There are many ways in which decorative features can be added to a room. Rather than simply go out and pick up a few meaningless pieces from the local department store, take a moment to consider some pottery from one of the most significant sources of fine pottery – University of North Dakota (UND) Pottery.

Under the tutelage of ceramic department head Margaret Cable, UND Pottery was developed to become a highly valued source of fine art pottery. Pottery that was made between the years of 1910 to 1949 and bearing the blue School of Mines seal are highly valued and representative of here high acclaim.

The pottery that is made at University of North Dakota Pottery uses the high quality clay from western North Dakota. The techniques that were developed and taught have left a long legacy of fine decorative art in pottery making that is still being appreciated today.

The work that was produced by Cable can be identified by the seal that is found on each piece. This began in 1912 with a hand lettered seal in cobalt blue that was placed on the bottom of a small flower vase. By the following year this seal was placed on all works of note that were produced by UND Pottery.

Some of the most collected and keenly sought examples of North Dakota pottery feature prairie motifs with each example snapped up as they become available.

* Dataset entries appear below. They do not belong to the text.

(* Let $\{z_n\}$ be generated by the process $\mathcal{S}(\kappa,\Phi)$ of Theorem 6 ($\kappa$ with $\sum_n\rho^{\kappa(n)}=\infty$ for all $0<\rho\le1$; $\Phi$ the non-modal count with respect to $K$-nearest neighbors, $K\ge2$). Let $Q_n=\{x\in X:\Phi(x,Z_n)>0\}$ and $Q=\limsup_n Q_n$ (points lying in infinitely many $Q_n$). If $X$ is separable and the set of $f$-boundary points has $\mu$-measure zero, then with probability one $\mu(Q)=0$.
   Context: $(X,d)$ metric space with probability measure $\mu$; $Y$ countable; $f:X\to Y$; $X_y=f^{-1}(y)$; $B_\epsilon(x)$ open ball; $\operatorname{supp}(\mu)=\{x:\mu(B_\epsilon(x))>0\ \forall\epsilon>0\}$. $b$ is an $f$-boundary point iff $\mu(B_\epsilon(b)\setminus X_{f(b)})>0$ for all $\epsilon>0$. $\operatorname{modefreq}_f(A)=\max_y|A\cap X_y|$. $V_S(x)=\emptyset$ if $x\in S$; otherwise $V_S(x)$ is a $K$-element subset of $S$ minimizing distance to $x$, chosen among such subsets to minimize $\operatorname{modefreq}_f$. $\Phi(x,S)=|V_S(x)|-\operatorname{modefreq}_f(V_S(x))$. Process $\mathcal{S}(\kappa,\Phi)$: $Z_0=\emptyset$; at step $n$ draw $\kappa(n)$ candidates i.i.d. from $\mu$, independent of the past; $z_n$ maximizes $\Phi(\cdot,Z_{n-1})$ over candidates (ties uniformly at random); $Z_n=\{z_1,\dots,z_n\}$. *)

theory Defs
  imports "HOL-Probability.Probability"
begin

definition modefreq :: "('a \<Rightarrow> 'b) \<Rightarrow> 'a set \<Rightarrow> nat" where
  "modefreq f A = (if A = {} then 0 else Max ((\<lambda>y. card {a\<in>A. f a = y}) ` (f ` A)))"

definition knn_sets :: "nat \<Rightarrow> 'a::metric_space set \<Rightarrow> 'a \<Rightarrow> 'a set set" where
  "knn_sets K S x = {V. V \<subseteq> S \<and> card V = min K (card S) \<and>
       (\<forall>v\<in>V. \<forall>w\<in>S - V. dist x v \<le> dist x w)}"

definition Vset :: "nat \<Rightarrow> ('a::metric_space \<Rightarrow> 'b) \<Rightarrow> 'a set \<Rightarrow> 'a \<Rightarrow> 'a set" where
  "Vset K f S x = (if x \<in> S then {} else
     (SOME V. V \<in> knn_sets K S x \<and> (\<forall>W\<in>knn_sets K S x. modefreq f V \<le> modefreq f W)))"

definition Phi :: "nat \<Rightarrow> ('a::metric_space \<Rightarrow> 'b) \<Rightarrow> 'a \<Rightarrow> 'a set \<Rightarrow> nat" where
  "Phi K f x S = card (Vset K f S x) - modefreq f (Vset K f S x)"

definition boundary_pt :: "'a::metric_space measure \<Rightarrow> ('a \<Rightarrow> 'b) \<Rightarrow> 'a \<Rightarrow> bool" where
  "boundary_pt \<mu> f b \<longleftrightarrow> (\<forall>\<epsilon>>0. emeasure \<mu> (ball b \<epsilon> - f -` {f b}) > 0)"

text \<open>One step of the process: among the candidates c 0,...,c (k-1), choose one maximizing
  Phi(.,S); ties are broken by the tie-breaking value t in [0,1], which, when uniformly
  distributed, selects uniformly at random among the maximizing candidates.\<close>
definition pick :: "nat \<Rightarrow> ('a::metric_space \<Rightarrow> 'b) \<Rightarrow> 'a set \<Rightarrow> nat \<Rightarrow> (nat \<Rightarrow> 'a) \<Rightarrow> real \<Rightarrow> 'a" where
  "pick K f S k c t =
    (let m = Max ((\<lambda>j. Phi K f (c j) S) ` {..<k});
         idx = filter (\<lambda>i. Phi K f (c i) S = m) [0..<k]
     in c (idx ! min (nat \<lfloor>t * real (length idx)\<rfloor>) (length idx - 1)))"

text \<open>The process S(kappa,Phi) driven by candidates C n i (i < kappa n, the candidates of
  step n) and tie-breaking values T n: Zproc .. n = Z_n, with Z_0 = {} and
  Z_n = insert z_n Z_(n-1), z_n = zproc .. n.\<close>
fun Zproc :: "nat \<Rightarrow> ('a::metric_space \<Rightarrow> 'b) \<Rightarrow> (nat \<Rightarrow> nat) \<Rightarrow> (nat \<Rightarrow> nat \<Rightarrow> 'a) \<Rightarrow> (nat \<Rightarrow> real) \<Rightarrow> nat \<Rightarrow> 'a set" where
  "Zproc K f \<kappa> C T 0 = {}"
| "Zproc K f \<kappa> C T (Suc n) =
     insert (pick K f (Zproc K f \<kappa> C T n) (\<kappa> (Suc n)) (C (Suc n)) (T (Suc n))) (Zproc K f \<kappa> C T n)"

text \<open>Underlying probability space: all candidates i.i.d. mu, all tie-breakers i.i.d.
  uniform on [0,1], everything independent.\<close>
definition sample_space :: "'a measure \<Rightarrow> ((nat \<times> nat \<Rightarrow> 'a) \<times> (nat \<Rightarrow> real)) measure" where
  "sample_space \<mu> = (PiM UNIV (\<lambda>_. \<mu>)) \<Otimes>\<^sub>M (PiM UNIV (\<lambda>_. uniform_measure lborel {0..1::real}))"

end

theory Submission
  imports Defs
begin

text \<open>
  Fix a point x off the f-boundary, so that some ball around x carries (up to a null set) only
  the label f x, and assume every ball around x has positive measure. Since
  \<open>\<Sum>n \<mu>(B)^\<kappa>(n) = \<infinity>\<close>, the second Borel-Cantelli lemma makes all \<kappa>(n) candidates of
  infinitely many steps fall into any given small ball around x; whichever candidate is chosen at
  such a step is then a new point close to x. Hence Z_n eventually contains x or K points of a ball
  around x on which all labels equal f x, and from then on the K nearest neighbours of x all carry
  the label f x, i.e. \<open>\<Phi>(x, Z_n) = 0\<close>. Separability reduces "every ball around x" to a countable
  family of balls, so almost surely this works simultaneously for all x outside the union of the
  boundary and the null balls of that family, which is a null set.
\<close>

lemma pick_in_candidates:
  assumes "k \<ge> 1"
  shows "\<exists>j<k. pick K f S k c t = c j"
proof -
  define m where "m = Max ((\<lambda>j. Phi K f (c j) S) ` {..<k})"
  define idx where "idx = filter (\<lambda>i. Phi K f (c i) S = m) [0..<k]"
  define p where "p = min (nat \<lfloor>t * real (length idx)\<rfloor>) (length idx - 1)"
  have "m \<in> (\<lambda>j. Phi K f (c j) S) ` {..<k}"
    unfolding m_def using assms by (intro Max_in) (auto simp: lessThan_empty_iff)
  then have "idx \<noteq> []"
    unfolding idx_def by (auto simp: filter_empty_conv)
  then have "p < length idx"
    unfolding p_def by (cases idx) auto
  then have "idx ! p < k"
    using nth_mem unfolding idx_def by fastforce
  moreover have "pick K f S k c t = c (idx ! p)"
    unfolding pick_def m_def idx_def p_def Let_def by simp
  ultimately show ?thesis by blast
qed

lemma Zproc_Suc_insert_candidate:
  assumes "\<kappa> (Suc n) \<ge> 1"
  shows "\<exists>j<\<kappa> (Suc n). Zproc K f \<kappa> C T (Suc n) = insert (C (Suc n) j) (Zproc K f \<kappa> C T n)"
proof -
  obtain j where "j < \<kappa> (Suc n)"
    "pick K f (Zproc K f \<kappa> C T n) (\<kappa> (Suc n)) (C (Suc n)) (T (Suc n)) = C (Suc n) j"
    using pick_in_candidates[OF assms] by blast
  then show ?thesis by auto
qed

lemma Zproc_mono: "n \<le> m \<Longrightarrow> Zproc K f \<kappa> C T n \<subseteq> Zproc K f \<kappa> C T m"
  by (induction m) (auto simp: le_Suc_eq)

lemma finite_Zproc: "finite (Zproc K f \<kappa> C T n)"
  by (induction n) auto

The early UND Pottery examples are representative of Art Nouveau or Art Deco influence. This gradually began to feature native flora and fauna, Indian designs and the aforementioned prairie motifs as well as farming or hunting motifs.

The decorative features of the pottery came in two forms, patterns that were painted in mineral pigments or colored glazes on the biscuit ware or designs that were carved in low relief into the surface of the damp clay vessels.

Use of the UND School of Mines seal to mark North Dakota pottery continued from 1912 until 1963.

The type of wares that were created under the UND seal included: tiles, jugs, jars, plates, bowls, vases, trays, tobacco jars, ashtrays and paperweights.

A particularly noteworthy style of pottery to come out of UND is the development of bentonite pottery. This is a monochromatic style almost exclusively featuring native American images painted in reds, browns and creams and simply sublime in its artistry.

Anyone who is looking to add some valuable decorative art pottery pieces to their home can be advised to seriously consider UND Pottery. They are a valuable part of the history of American pottery and will definitely add value as well as cultural significance to the home.